#### [What you are asked to do]
In the listing below, find each line with the string "definition" and return it.

#### [Data for the task]
(* Let $A=\{(0,0,0),(0,1,0),(1,0,0),(1,1,0)\}\subset\mathbb{R}^3$ and let $\pi\subset\mathbb{R}^3$ be the plane $x=\tfrac12$. Then the set $\Pi$ of points $M\in\pi\cap\mathbb{Q}^3$ such that the Euclidean distance $|MR|$ is rational for every $R\in A$ is dense in $\pi$ (with the Euclidean topology).
   Context: No further context is needed. *)

theory Defs
  imports "HOL-Analysis.Analysis"
begin

text \<open>Points of R^3 are triples (x,y,z) :: real * real * real; the product topology
on this type coincides with the Euclidean topology (product metric is the max/l2-equivalent one).\<close>

definition setA :: "(real \<times> real \<times> real) set" where
  "setA = {(0,0,0), (0,1,0), (1,0,0), (1,1,0)}"

definition plane_pi :: "(real \<times> real \<times> real) set" where
  "plane_pi = {(x,y,z). x = 1/2}"

definition edist3 :: "real \<times> real \<times> real \<Rightarrow> real \<times> real \<times> real \<Rightarrow> real" where
  "edist3 p q = (case p of (x1,y1,z1) \<Rightarrow> case q of (x2,y2,z2) \<Rightarrow>
      sqrt ((x1 - x2)^2 + (y1 - y2)^2 + (z1 - z2)^2))"

definition setPi :: "(real \<times> real \<times> real) set" where
  "setPi = {M. M \<in> plane_pi \<and> fst M \<in> \<rat> \<and> fst (snd M) \<in> \<rat> \<and> snd (snd M) \<in> \<rat>
              \<and> (\<forall>R\<in>setA. edist3 M R \<in> \<rat>)}"

end

theory Submission
  imports Defs
begin

text \<open>After scaling by 2, the point \<open>(1/2, Y/2, Z/2)\<close> has rational distances to \<open>A\<close> iff
  \<open>Y\<^sup>2 + Z\<^sup>2 + 1\<close> and \<open>(Y - 2)\<^sup>2 + Z\<^sup>2 + 1\<close> are rational squares. With \<open>c = Z\<^sup>2 + 1\<close>, the first
  condition \<open>R\<^sup>2 - Y\<^sup>2 = c\<close> is parametrised rationally by \<open>t = R + Y\<close>, via \<open>Y = (t - c/t)/2\<close>, and
  likewise the second by \<open>p = S + Y - 2\<close>. Eliminating \<open>Y\<close> gives \<open>c = m\<^sup>2 t p\<close> with
  \<open>(t - p)(1 + m\<^sup>2) = 4\<close>, and the conic \<open>Z\<^sup>2 + 1 = m\<^sup>2 t (t - 4/(1 + m\<^sup>2))\<close> in \<open>(Z, t)\<close> is
  parametrised rationally by \<open>w = m t - Z\<close>. The resulting rational map \<open>(m, w) \<mapsto> (Y, Z)\<close> sends
  rational parameters into \<open>\<Pi>\<close> and, on the open set where it is defined, onto the whole plane;
  by continuity the image of the dense set \<open>\<rat>\<^sup>2\<close> is dense.\<close>

lemma continuous_image_subset_closure:
  fixes f :: "'a::first_countable_topology \<Rightarrow> 'b::topological_space"
  assumes "open U" and "continuous_on U f" and "closure D = UNIV" and "f ` (U \<inter> D) \<subseteq> S"
  shows "f ` U \<subseteq> closure S"
proof
  fix y assume "y \<in> f ` U"
  then obtain x where x: "x \<in> U" "y = f x" by blast
  then have "x \<in> closure (U \<inter> D)"
    using open_Int_closure_subset[OF \<open>open U\<close>, of D] \<open>closure D = UNIV\<close> by blast
  then obtain a where a: "\<And>n. a n \<in> U \<inter> D" "a \<longlonglongrightarrow> x"
    unfolding closure_sequential by blast
  have "(\<lambda>n. f (a n)) \<longlonglongrightarrow> f x"
    using continuous_on_tendsto_compose[OF \<open>continuous_on U f\<close> a(2) \<open>x \<in> U\<close>] a(1) by simp
  moreover have "f (a n) \<in> S" for n
    using a(1) assms(4) by blast
  ultimately show "y \<in> closure S"
    unfolding x(2)
    by (intro Lim_in_closed_set[OF closed_closure _ trivial_limit_sequentially])
      (use closure_subset in \<open>auto intro!: always_eventually\<close>)
qed

lemma scaled_point_in_setPi:
  assumes "Y \<in> \<rat>" "Z \<in> \<rat>"
    and "sqrt (Y\<^sup>2 + Z\<^sup>2 + 1) \<in> \<rat>" "sqrt ((Y - 2)\<^sup>2 + Z\<^sup>2 + 1) \<in> \<rat>"
  shows "(1/2, Y/2, Z/2) \<in> setPi"
proof -
  have half_sqrt: "sqrt ((1/2)\<^sup>2 + (U/2)\<^sup>2 + (Z/2)\<^sup>2) \<in> \<rat>"
    if "sqrt (U\<^sup>2 + Z\<^sup>2 + 1) \<in> \<rat>" for U :: real
  proof -
    have "sqrt ((1/2)\<^sup>2 + (U/2)\<^sup>2 + (Z/2)\<^sup>2) = sqrt (U\<^sup>2 + Z\<^sup>2 + 1) / 2"
      by (simp add: power_divide real_sqrt_divide flip: add_divide_distrib)
    then show ?thesis
      using that by (simp only: Rats_divide Rats_number_of)
  qed
  have "(Y/2 - 1)\<^sup>2 = ((Y - 2)/2)\<^sup>2" "(1/2 - 1 :: real)\<^sup>2 = (1/2)\<^sup>2"
    by (simp_all add: power2_eq_square field_simps)
  then show ?thesis
    using assms half_sqrt[OF assms(3)] half_sqrt[OF assms(4)]
    by (simp add: setPi_def setA_def plane_pi_def edist3_def)
qed

lemma sum_of_squares_pair:
  fixes t p m :: "'a::field_char_0"
  assumes "(t - p) * (1 + m\<^sup>2) = 4"
  shows "((t - m\<^sup>2 * p) / 2)\<^sup>2 + m\<^sup>2 * t * p = ((t + m\<^sup>2 * p) / 2)\<^sup>2"
    and "((t - m\<^sup>2 * p) / 2 - 2)\<^sup>2 + m\<^sup>2 * t * p = ((p + m\<^sup>2 * t) / 2)\<^sup>2"
proof -
  show "((t - m\<^sup>2 * p) / 2)\<^sup>2 + m\<^sup>2 * t * p = ((t + m\<^sup>2 * p) / 2)\<^sup>2"
    by (simp add: power2_eq_square field_simps)
  have "(t - m\<^sup>2 * p) / 2 - 2 = (t - m\<^sup>2 * p - 4) / 2"
    by (simp add: field_simps)
  also have "t - m\<^sup>2 * p - 4 = p - m\<^sup>2 * t"
    using assms by (simp add: algebra_simps)
  finally have shifted: "(t - m\<^sup>2 * p) / 2 - 2 = (p - m\<^sup>2 * t) / 2" .
  show "((t - m\<^sup>2 * p) / 2 - 2)\<^sup>2 + m\<^sup>2 * t * p = ((p + m\<^sup>2 * t) / 2)\<^sup>2"
    unfolding shifted by (simp add: power2_eq_square field_simps)
qed

lemma one_add_square_neq_zero: "1 + x\<^sup>2 \<noteq> (0 :: real)"
  by (smt (verit) zero_le_power2)

definition chord :: "real \<Rightarrow> real" where
  "chord m = 4 / (1 + m\<^sup>2)"

definition param_den :: "real \<Rightarrow> real \<Rightarrow> real" where
  "param_den m w = 2 * m * w - chord m * m\<^sup>2"

definition param_t :: "real \<Rightarrow> real \<Rightarrow> real" where
  "param_t m w = (w\<^sup>2 + 1) / param_den m w"

definition param :: "real \<Rightarrow> real \<Rightarrow> real \<times> real \<times> real" where
  "param m w = (let t = param_t m w in (1/2, (t - m\<^sup>2 * (t - chord m)) / 4, (m * t - w) / 2))"

lemma chord_mult: "chord m * (1 + m\<^sup>2) = 4"
  using one_add_square_neq_zero[of m] by (simp add: chord_def field_simps)

lemma param_conic:
  assumes "param_den m w \<noteq> 0"
  shows "(m * param_t m w - w)\<^sup>2 + 1 = m\<^sup>2 * param_t m w * (param_t m w - chord m)"
proof -
  have "param_t m w * param_den m w = w\<^sup>2 + 1"
    using assms by (simp add: param_t_def)
  then show ?thesis
    by (simp add: param_den_def power2_eq_square algebra_simps)
qed

lemma param_rational_in_setPi:
  assumes "m \<in> \<rat>" "w \<in> \<rat>" "param_den m w \<noteq> 0"
  shows "param m w \<in> setPi"
proof -
  define t where "t = param_t m w"
  define p where "p = t - chord m"
  define Y where "Y = (t - m\<^sup>2 * p) / 2"
  define Z where "Z = m * t - w"
  have YZ: "param m w = (1/2, Y/2, Z/2)"
    by (simp add: param_def Let_def Y_def Z_def p_def t_def)
  have rat: "t \<in> \<rat>" "p \<in> \<rat>"
    using assms by (simp_all add: t_def p_def param_t_def param_den_def chord_def)
  have conic: "Z\<^sup>2 + 1 = m\<^sup>2 * t * p"
    using param_conic[OF assms(3)] by (simp add: Z_def t_def p_def)
  have "(t - p) * (1 + m\<^sup>2) = 4"
    using chord_mult by (simp add: p_def)
  from sum_of_squares_pair[OF this]
  have "Y\<^sup>2 + Z\<^sup>2 + 1 = ((t + m\<^sup>2 * p) / 2)\<^sup>2"
    and "(Y - 2)\<^sup>2 + Z\<^sup>2 + 1 = ((p + m\<^sup>2 * t) / 2)\<^sup>2"
    by (simp_all only: Y_def conic add.assoc)
  with rat assms(1,2) have "(1/2, Y/2, Z/2) \<in> setPi"
    by (intro scaled_point_in_setPi) (simp_all add: Y_def Z_def)
  then show ?thesis
    by (simp add: YZ)
qed

lemma abs_less_sqrt_square_add:
  fixes Y c :: real
  assumes "c > 0"
  shows "\<bar>Y\<bar> < sqrt (Y\<^sup>2 + c)"
proof -
  have "sqrt (Y\<^sup>2) < sqrt (Y\<^sup>2 + c)"
    using assms by (intro real_sqrt_less_mono) simp
  then show ?thesis
    by simp
qed

lemma sqrt_square_add_diff_less:
  fixes Y c :: real
  assumes "c > 0"
  shows "\<bar>sqrt (Y\<^sup>2 + c) - sqrt ((Y - 2)\<^sup>2 + c)\<bar> < 2"
proof -
  define R where "R = sqrt (Y\<^sup>2 + c)"
  define S where "S = sqrt ((Y - 2)\<^sup>2 + c)"
  have R: "R > \<bar>Y\<bar>" and S: "S > \<bar>Y - 2\<bar>"
    unfolding R_def S_def using abs_less_sqrt_square_add[OF assms] by blast+
  have "R\<^sup>2 = Y\<^sup>2 + c" "S\<^sup>2 = (Y - 2)\<^sup>2 + c"
    unfolding R_def S_def using assms by (intro real_sqrt_pow2; simp)+
  then have "(R - S) * (R + S) = 4 * (Y - 1)"
    by (simp add: power2_eq_square algebra_simps)
  moreover have pos: "R + S > 0"
    using R S abs_ge_zero[of Y] abs_ge_zero[of "Y - 2"] by linarith
  ultimately have "\<bar>R - S\<bar> * (R + S) = 4 * \<bar>Y - 1\<bar>"
    by (metis abs_mult abs_of_pos abs_numeral)
  also have "\<dots> < 2 * (R + S)"
    using R S by (simp add: abs_if split: if_splits)
  finally have "\<bar>R - S\<bar> < 2"
    by (rule mult_right_less_imp_less) (use pos in simp)
  then show ?thesis
    by (simp add: R_def S_def)
qed

lemma exists_hyperbola_parameters:
  fixes Y c :: real
  assumes "c > 0"
  obtains t p where "t > 0" "p > 0" "t\<^sup>2 - c = 2 * Y * t" "p\<^sup>2 - c = 2 * (Y - 2) * p"
    and "0 < t - p" "t - p < 4"
proof
  define R where "R = sqrt (Y\<^sup>2 + c)"
  define S where "S = sqrt ((Y - 2)\<^sup>2 + c)"
  show "R + Y > 0" "S + (Y - 2) > 0"
    unfolding R_def S_def using abs_less_sqrt_square_add[OF assms] by (smt (verit))+
  have "R\<^sup>2 = Y\<^sup>2 + c" "S\<^sup>2 = (Y - 2)\<^sup>2 + c"
    unfolding R_def S_def using assms by (intro real_sqrt_pow2; simp)+
  then show "(R + Y)\<^sup>2 - c = 2 * Y * (R + Y)" "(S + (Y - 2))\<^sup>2 - c = 2 * (Y - 2) * (S + (Y - 2))"
    by (simp_all add: power2_eq_square algebra_simps)
  show "0 < R + Y - (S + (Y - 2))" "R + Y - (S + (Y - 2)) < 4"
    using sqrt_square_add_diff_less[OF assms, of Y] unfolding R_def S_def by linarith+
qed

lemma param_of_conic_point:
  assumes "t > 0" and "chord m = t - p" and "Z\<^sup>2 + 1 = m\<^sup>2 * t * p"
  shows "param_den m (m * t - Z) \<noteq> 0"
    and "param m (m * t - Z) = (1/2, (t - m\<^sup>2 * p) / 4, Z / 2)"
proof -
  define w where "w = m * t - Z"
  have "w\<^sup>2 + 1 = m\<^sup>2 * t\<^sup>2 - 2 * m * t * Z + (Z\<^sup>2 + 1)"
    by (simp add: w_def power2_eq_square algebra_simps)
  also have "\<dots> = t * param_den m w"
    unfolding assms(3) param_den_def assms(2) w_def by (simp add: power2_eq_square algebra_simps)
  finally have den: "t * param_den m w = w\<^sup>2 + 1" ..
  moreover have "w\<^sup>2 + 1 > 0"
    by (simp add: add_nonneg_pos)
  ultimately show "param_den m (m * t - Z) \<noteq> 0"
    unfolding w_def by auto
  then have "param_t m w = t"
    using den by (simp add: param_t_def w_def field_simps)
  then show "param m (m * t - Z) = (1/2, (t - m\<^sup>2 * p) / 4, Z / 2)"
    using assms(2) by (simp add: param_def w_def)
qed

lemma param_surj:
  obtains m w where "param_den m w \<noteq> 0" and "param m w = (1/2, y, z)"
proof -
  define Y where "Y = 2 * y"
  define Z where "Z = 2 * z"
  define c where "c = Z\<^sup>2 + 1"
  have "c > 0"
    by (simp add: c_def add_nonneg_pos)
  then obtain t p where tp: "t > 0" "p > 0" "t\<^sup>2 - c = 2 * Y * t" "p\<^sup>2 - c = 2 * (Y - 2) * p"
    and d: "0 < t - p" "t - p < 4"
    by (rule exists_hyperbola_parameters)
  define m where "m = sqrt ((4 - (t - p)) / (t - p))"
  have m2: "m\<^sup>2 = (4 - (t - p)) / (t - p)"
    unfolding m_def using d by simp
  have "(t - p) * (1 + m\<^sup>2) = 4"
    using d by (simp add: m2 field_simps)
  then have chord: "chord m = t - p"
    using chord_mult[of m] one_add_square_neq_zero[of m] by (metis mult_right_cancel)
  have "(t\<^sup>2 - c) * p - (p\<^sup>2 - c) * t = 4 * t * p"
    unfolding tp(3,4) by (simp add: algebra_simps)
  then have "c * (t - p) = (4 - (t - p)) * t * p"
    by (simp add: power2_eq_square algebra_simps)
  then have conic: "Z\<^sup>2 + 1 = m\<^sup>2 * t * p"
    using d by (simp add: m2 c_def field_simps)
  have "t * (t - m\<^sup>2 * p) = t\<^sup>2 - c"
    unfolding c_def conic by (simp add: power2_eq_square algebra_simps)
  also have "\<dots> = t * (2 * Y)"
    using tp(3) by simp
  finally have "(t - m\<^sup>2 * p) / 4 = y"
    using tp(1) by (simp add: Y_def)
  moreover have "Z / 2 = z"
    by (simp add: Z_def)
  ultimately show ?thesis
    using param_of_conic_point[OF tp(1) chord conic] that by metis
qed

theorem theorem3p2:
  shows "setPi \<subseteq> plane_pi \<and> plane_pi \<subseteq> closure setPi"
proof
  show "setPi \<subseteq> plane_pi"
    unfolding setPi_def by auto
  define U where "U = {(m, w). param_den m w \<noteq> 0}"
  have "continuous_on UNIV (\<lambda>(m, w). param_den m w)"
    unfolding param_den_def chord_def
    by (auto intro!: continuous_intros simp: case_prod_unfold one_add_square_neq_zero)
  then have "open U"
    unfolding U_def using open_Collect_neq[of _ "\<lambda>_. 0"] by (simp add: case_prod_unfold)
  moreover have "continuous_on U (case_prod param)"
    unfolding U_def param_def param_t_def param_den_def chord_def Let_def
    by (auto intro!: continuous_intros simp: case_prod_unfold one_add_square_neq_zero)
  moreover have "closure (\<rat> \<times> \<rat>) = (UNIV :: (real \<times> real) set)"
    by (simp add: closure_Times Rats_closure_real)
  moreover have "case_prod param ` (U \<inter> \<rat> \<times> \<rat>) \<subseteq> setPi"
    unfolding U_def using param_rational_in_setPi by auto
  ultimately have "case_prod param ` U \<subseteq> closure setPi"
    by (rule continuous_image_subset_closure)
  moreover have "plane_pi \<subseteq> case_prod param ` U"
  proof
    fix q assume "q \<in> plane_pi"
    then obtain y z where q: "q = (1/2, y, z)"
      unfolding plane_pi_def by auto
    obtain m w where "param_den m w \<noteq> 0" "param m w = (1/2, y, z)"
      by (rule param_surj)
    then show "q \<in> case_prod param ` U"
      unfolding q U_def by (auto intro!: image_eqI[of _ _ "(m, w)"])
  qed
  ultimately show "plane_pi \<subseteq> closure setPi"
    by blast
qed

end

#### [Finished exercise]
definition setA :: "(real \<times> real \<times> real) set" where
definition plane_pi :: "(real \<times> real \<times> real) set" where
definition edist3 :: "real \<times> real \<times> real \<Rightarrow> real \<times> real \<times> real \<Rightarrow> real" where
definition setPi :: "(real \<times> real \<times> real) set" where
definition chord :: "real \<Rightarrow> real" where
definition param_den :: "real \<Rightarrow> real \<Rightarrow> real" where
definition param_t :: "real \<Rightarrow> real \<Rightarrow> real" where
definition param :: "real \<Rightarrow> real \<Rightarrow> real \<times> real \<times> real" where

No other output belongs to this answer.